Traurig, denn hinter den hübschen Raumschiffen und den tristen Tabellen hat sich EVE Online zu einem der interessantesten, sozialen Spielexperimente überhaupt entwickelt. Spieler und Spielerinnen kooperieren, intrigieren, bespitzeln, bestehlen und betrügen sich gegenseitig und miteinander. Dieser Teil von EVE ist unglaublich spannend, hat sich mir jedoch nie erschlossen.

Das Dokumentarfilmprojekt A Tale of Internet Spaceships, das im letzten Jahr etwa die Hälfte der angestrebten 6.000 US-Dollar via Crowdfunding sammeln konnte, möchte die soziale Seite von EVE Online darstellen und die Beziehungen zwischen Spielerschaft und der EVE-Betreiberfirma CCP beleuchten. Dazu wurden auf dem letztjährigen EVE-Fanfest Interviews mit den Entwicklern, Spielern und Journalisten geführt und zu einer Dokumentation verwoben.

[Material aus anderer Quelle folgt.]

lemma ring_point_in_msupport:
  assumes t: "t \<in> {0..<2*pi}"
  shows "ring_point R t \<in> msupport (ring_state R)"
  unfolding msupport_def
proof (intro CollectI allI impI)
  fix e :: real assume "e > 0"
  let ?S = "{0..<2*pi}"
  let ?B = "ball (ring_point R t) e"
  have "open (ring_point R -` ?B)"
    using continuous_on_ring_point[of UNIV R]
    by (intro continuous_open_vimage open_ball) (simp add: continuous_on_eq_continuous_at)
  then have B: "ring_point R -` ?B \<in> sets lborel" by simp
  have "continuous (at t) (ring_point R)"
    using continuous_on_ring_point[of UNIV R] by (simp add: continuous_on_eq_continuous_at)
  then obtain d where "d > 0" and d: "\<And>x. dist x t < d \<Longrightarrow> dist (ring_point R x) (ring_point R t) < e"
    unfolding continuous_at_eps_delta using \<open>e > 0\<close> by blast
  define d' where "d' = min d (2*pi - t)"
  have "{t..<t + d'} \<subseteq> ?S \<inter> ring_point R -` ?B"
  proof
    fix x assume x: "x \<in> {t..<t + d'}"
    then have "dist (ring_point R x) (ring_point R t) < e"
      by (intro d) (auto simp: d'_def dist_real_def min_def split: if_splits)
    then show "x \<in> ?S \<inter> ring_point R -` ?B"
      using x t by (auto simp: d'_def dist_commute)
  qed
  then have "emeasure lborel {t..<t + d'} \<le> emeasure lborel (?S \<inter> ring_point R -` ?B)"
    by (rule emeasure_mono) (use B in auto)
  moreover have "emeasure lborel {t..<t + d'} > 0"
    using \<open>d > 0\<close> t by (simp add: d'_def)
  ultimately have "emeasure lborel (?S \<inter> ring_point R -` ?B) > 0"
    by order
  moreover have "emeasure (ring_state R) ?B = emeasure lborel (?S \<inter> ring_point R -` ?B) / emeasure lborel ?S"
    unfolding ring_state_eq_distr
    using B by (subst emeasure_distr[OF measurable_ring_point]) (simp_all add: Int_commute)
  ultimately show "emeasure (ring_state R) ?B > 0"
    by (simp add: ennreal_zero_less_divide)
qed

lemma AE_sin_cos_nonzero: "AE x in lborel. sin (x::real) \<noteq> 0 \<and> cos x \<noteq> 0"
proof (rule AE_I')
  show "range (\<lambda>i::int. of_int i * pi / 2) \<in> null_sets lborel"
    by (rule countable_imp_null_set_lborel) simp
  show "{x \<in> space lborel. \<not> (sin x \<noteq> 0 \<and> cos x \<noteq> 0)} \<subseteq> range (\<lambda>i::int. of_int i * pi / 2)"
  proof
    fix x :: real assume "x \<in> {x \<in> space lborel. \<not> (sin x \<noteq> 0 \<and> cos x \<noteq> 0)}"
    then have "sin (2 * x) = 0" by (auto simp: sin_double)
    then obtain i :: int where "2 * x = of_int i * pi" using sin_zero_iff_int2 by blast
    then show "x \<in> range (\<lambda>i::int. of_int i * pi / 2)" by (intro image_eqI[of _ _ i]) auto
  qed
qed

lemma ring_state_AE_witness:
  assumes "AE x in ring_state R. x \<in> msupport (ring_state R) \<longrightarrow> P x"
  obtains t where "t \<in> {0..<2*pi}" "sin t \<noteq> 0" "cos t \<noteq> 0" "P (ring_point R t)"
proof -
  let ?U = "uniform_measure lborel {0..<2*pi}"
  have "AE \<phi> in ?U. ring_point R \<phi> \<in> msupport (ring_state R) \<longrightarrow> P (ring_point R \<phi>)"
    using AE_distrD[OF measurable_ring_point] assms unfolding ring_state_eq_distr by blast
  moreover have "AE \<phi> in ?U. \<phi> \<in> {0..<2*pi} \<and> sin \<phi> \<noteq> 0 \<and> cos \<phi> \<noteq> 0"
  proof (rule AE_uniform_measureI)
    show "AE \<phi> in lborel. \<phi> \<in> {0..<2*pi} \<longrightarrow> \<phi> \<in> {0..<2*pi} \<and> sin \<phi> \<noteq> 0 \<and> cos \<phi> \<noteq> 0"
      using AE_sin_cos_nonzero by eventually_elim blast
  qed simp
  ultimately have witnesses:
      "AE \<phi> in ?U. \<phi> \<in> {0..<2*pi} \<and> sin \<phi> \<noteq> 0 \<and> cos \<phi> \<noteq> 0 \<and> P (ring_point R \<phi>)"
    by eventually_elim (use ring_point_in_msupport in blast)
  have "prob_space ?U"
    by (rule prob_space_uniform_measure) simp_all
  from eventually_happens'[OF prob_space.ae_filter_bot[OF this] witnesses] show ?thesis
    using that by blast
qed
(* For every $\varepsilon>0$, the Pruned Plurality Veto rule with parameter $\varepsilon$ has metric distortion at most $9+\varepsilon$ and utilitarian distortion at most $\frac{(6+\varepsilon)m^2}{\varepsilon}=O(m^2/\varepsilon)$.
   Context: Setting: $\mathcal N$ is a set of $n$ agents and $\mathcal A$ a set of $m$ alternatives; each agent $i$ has a strict ranking $\sigma_i$ of $\mathcal A$, $X\succ_i Y$ meaning $i$ ranks $X$ above $Y$; the plurality score $\mathrm{plu}(X,\vec\sigma)$ is the number of agents ranking $X$ first. Metric framework: a pseudometric $d$ on $\mathcal N\cup\mathcal A$ is consistent with $\vec\sigma$ if $X\succ_iY\Rightarrow d(i,X)\le d(i,Y)$; $\mathrm{SC}(X,d)=\sum_i d(i,X)$; metric distortion of a rule $f$ is $\sup_{\vec\sigma}\sup_{d\text{ consistent}}\mathbb E_{X\sim f(\vec\sigma)}[\mathrm{SC}(X,d)]/\min_X\mathrm{SC}(X,d)$. Utilitarian framework: $u_i:\mathcal A\to\mathbb R_{\ge0}$ with $\sum_X u_i(X)=1$, consistent with $\vec\sigma$ if $X\succ_iY\Rightarrow u_i(X)\ge u_i(Y)$; $\mathrm{SW}(X,\vec u)=\sum_iu_i(X)$; utilitarian distortion of $f$ is $\sup_{\vec\sigma}\sup_{\vec u\text{ consistent}}\max_X\mathrm{SW}(X,\vec u)/\mathbb E_{X\sim f(\vec\sigma)}[\mathrm{SW}(X,\vec u)]$. Plurality Veto: initialize $\mathrm{score}(X)=\mathrm{plu}(X,\vec\sigma)$; let $S$ be the alternatives with positive score; process agents in a fixed order, each agent decrementing the score of her lowest-ranked alternative in $S$ and removing it from $S$ if its score hits $0$; output the last alternative removed. (Plurality Veto is known to have metric distortion $3$.) Pruned Plurality Veto with parameter $\varepsilon>0$: compute $\mathcal A'=\{X:\mathrm{plu}(X,\vec\sigma)\ge \frac{\varepsilon n}{(6+\varepsilon)m}\}$ (nonempty), restrict every ranking to $\mathcal A'$, and output the result of Plurality Veto on the restricted profile. *)

theory Defs
  imports Complex_Main
begin

text \<open>A profile over the alternative set A is a nonempty list of rankings
  (agent i is the i-th list element, so the list order is the fixed processing
  order of Plurality Veto); each ranking is a list of all alternatives without
  repetition, most preferred first.\<close>

definition valid_profile :: "'a set \<Rightarrow> 'a list list \<Rightarrow> bool" where
  "valid_profile A P \<longleftrightarrow> finite A \<and> A \<noteq> {} \<and> P \<noteq> [] \<and>
     (\<forall>r\<in>set P. distinct r \<and> set r = A)"

definition prefers :: "'a list list \<Rightarrow> nat \<Rightarrow> 'a \<Rightarrow> 'a \<Rightarrow> bool" where
  "prefers P i X Y \<longleftrightarrow> (\<exists>j k. j < k \<and> k < length (P ! i) \<and> P ! i ! j = X \<and> P ! i ! k = Y)"

definition plu :: "'a \<Rightarrow> 'a list list \<Rightarrow> nat" where
  "plu X P = length (filter (\<lambda>r. r \<noteq> [] \<and> hd r = X) P)"

definition pv_step :: "('a \<Rightarrow> nat) \<times> 'a set \<times> 'a option \<Rightarrow> 'a list \<Rightarrow> ('a \<Rightarrow> nat) \<times> 'a set \<times> 'a option" where
  "pv_step st r = (case st of (sc, S, lst) \<Rightarrow>
     (let Y = last (filter (\<lambda>x. x \<in> S) r); sc' = sc(Y := sc Y - 1) in
      if sc' Y = 0 then (sc', S - {Y}, Some Y) else (sc', S, lst)))"

definition plurality_veto :: "'a set \<Rightarrow> 'a list list \<Rightarrow> 'a" where
  "plurality_veto A P =
     the (snd (snd (foldl pv_step
        ((\<lambda>X. plu X P), {X \<in> A. plu X P > 0}, None) P)))"

definition pruned_set :: "real \<Rightarrow> 'a set \<Rightarrow> 'a list list \<Rightarrow> 'a set" where
  "pruned_set \<epsilon> A P = {X \<in> A. real (plu X P) \<ge>
      \<epsilon> * real (length P) / ((6 + \<epsilon>) * real (card A))}"

definition pruned_plurality_veto :: "real \<Rightarrow> 'a set \<Rightarrow> 'a list list \<Rightarrow> 'a" where
  "pruned_plurality_veto \<epsilon> A P =
     (let A' = pruned_set \<epsilon> A P in plurality_veto A' (map (filter (\<lambda>x. x \<in> A')) P))"

text \<open>Metric framework. Points: alternatives are Inl X, agents are Inr i.\<close>

definition points :: "'a set \<Rightarrow> 'a list list \<Rightarrow> ('a + nat) set" where
  "points A P = Inl ` A \<union> Inr ` {..<length P}"

definition pseudometric_on :: "'b set \<Rightarrow> ('b \<Rightarrow> 'b \<Rightarrow> real) \<Rightarrow> bool" where
  "pseudometric_on U d \<longleftrightarrow>
     (\<forall>x\<in>U. d x x = 0) \<and> (\<forall>x\<in>U. \<forall>y\<in>U. d x y \<ge> 0 \<and> d x y = d y x) \<and>
     (\<forall>x\<in>U. \<forall>y\<in>U. \<forall>z\<in>U. d x z \<le> d x y + d y z)"

definition metric_consistent :: "'a set \<Rightarrow> 'a list list \<Rightarrow> ('a + nat \<Rightarrow> 'a + nat \<Rightarrow> real) \<Rightarrow> bool" where
  "metric_consistent A P d \<longleftrightarrow> pseudometric_on (points A P) d \<and>
     (\<forall>i<length P. \<forall>X\<in>A. \<forall>Y\<in>A. prefers P i X Y \<longrightarrow> d (Inr i) (Inl X) \<le> d (Inr i) (Inl Y))"

definition SC :: "'a list list \<Rightarrow> ('a + nat \<Rightarrow> 'a + nat \<Rightarrow> real) \<Rightarrow> 'a \<Rightarrow> real" where
  "SC P d X = (\<Sum>i<length P. d (Inr i) (Inl X))"

definition metric_distortion_at_most :: "('a set \<Rightarrow> 'a list list \<Rightarrow> 'a) \<Rightarrow> real \<Rightarrow> bool" where
  "metric_distortion_at_most f c \<longleftrightarrow>
     (\<forall>A P d. valid_profile A P \<longrightarrow> metric_consistent A P d \<longrightarrow>
        (\<forall>X\<in>A. SC P d (f A P) \<le> c * SC P d X))"

definition util_consistent :: "'a set \<Rightarrow> 'a list list \<Rightarrow> (nat \<Rightarrow> 'a \<Rightarrow> real) \<Rightarrow> bool" where
  "util_consistent A P u \<longleftrightarrow>
     (\<forall>i<length P. (\<forall>X\<in>A. u i X \<ge> 0) \<and> (\<Sum>X\<in>A. u i X) = 1 \<and>
        (\<forall>X\<in>A. \<forall>Y\<in>A. prefers P i X Y \<longrightarrow> u i X \<ge> u i Y))"

definition SW :: "'a list list \<Rightarrow> (nat \<Rightarrow> 'a \<Rightarrow> real) \<Rightarrow> 'a \<Rightarrow> real" where
  "SW P u X = (\<Sum>i<length P. u i X)"

definition util_distortion_at_most :: "('a set \<Rightarrow> 'a list list \<Rightarrow> 'a) \<Rightarrow> (nat \<Rightarrow> real) \<Rightarrow> bool" where
  "util_distortion_at_most f c \<longleftrightarrow>
     (\<forall>A P u. valid_profile A P \<longrightarrow> util_consistent A P u \<longrightarrow>
        (\<forall>X\<in>A. SW P u X \<le> c (card A) * SW P u (f A P)))"

end

theory Submission
  imports Defs
begin

text \<open>Plurality Veto keeps the following invariant: its winner W comes with one vetoed alternative
  y_i per agent i such that i ranks W weakly above y_i, and the y_i form, as a multiset, exactly
  the agents' first choices. Run on the pruned set A', the triangle inequality gives
  SC(W) \<le> SC(X) + \<Sum>_j d(X, t_j), where t_j is agent j's favourite in A'. If j's overall favourite
  survived pruning, then d(X, t_j) \<le> 2 d(j, X); otherwise d(X, t_j) \<le> 2 d(j, X) + \<delta>, where \<delta> is
  the distance from X to the nearest alternative of A'; the first case also gives \<delta> \<le> 2 d(j, X),
  so if k agents are of the second kind then (n - k) \<delta> \<le> 2 SC(X). Pruning deletes only
  alternatives with fewer than \<epsilon>n/((6+\<epsilon>)m) first places, so k \<le> \<epsilon>n/(6+\<epsilon>), whence SC(W) \<le> (3 + \<epsilon>/3) SC(X).
  For utilities, W survived pruning, so at least \<epsilon>n/((6+\<epsilon>)m) agents rank it first and each of
  them gives it utility at least 1/m, while no alternative has welfare above n.\<close>

primrec ranked_above :: "'a list \<Rightarrow> 'a \<Rightarrow> 'a \<Rightarrow> bool" where
  "ranked_above [] x y \<longleftrightarrow> False"
| "ranked_above (z # r) x y \<longleftrightarrow> x = z \<and> y \<in> set r \<or> ranked_above r x y"

lemma ranked_above_set: "ranked_above r x y \<Longrightarrow> x \<in> set r \<and> y \<in> set r"
  by (induction r) auto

Erwartet hatte ich eine 60-minütigen Ode an das Spiel und die Community, eine Selbstbeweihräucherung von Fans für Fans – und angesichts des Budgets in bestenfalls mäßiger Qualität. Dies mag in Teilen zutreffend sein, doch bietet A Tale of Internet Spaceships dennoch einen interessanten Einblick in das Selbstverständnis der EVE-Community und die komplexe Dynamik zwischen Spiel, Spielern und Entwicklern. Hier geht es um Revolten, Arbeitsplätze, Hochmut und Demut, statt um das übliche “NERF PALADIN PLZ!!1“-Forengeplärre. Einen neue Zugang zu EVE vermittelt die Dokumentation vielleicht nicht, aber ein stärkeres Verständnis der spannenden Dinge, die um und in dem MMORPG geschehen.

Ich vergebe vier von fünf Focused Medium Beam Laser I.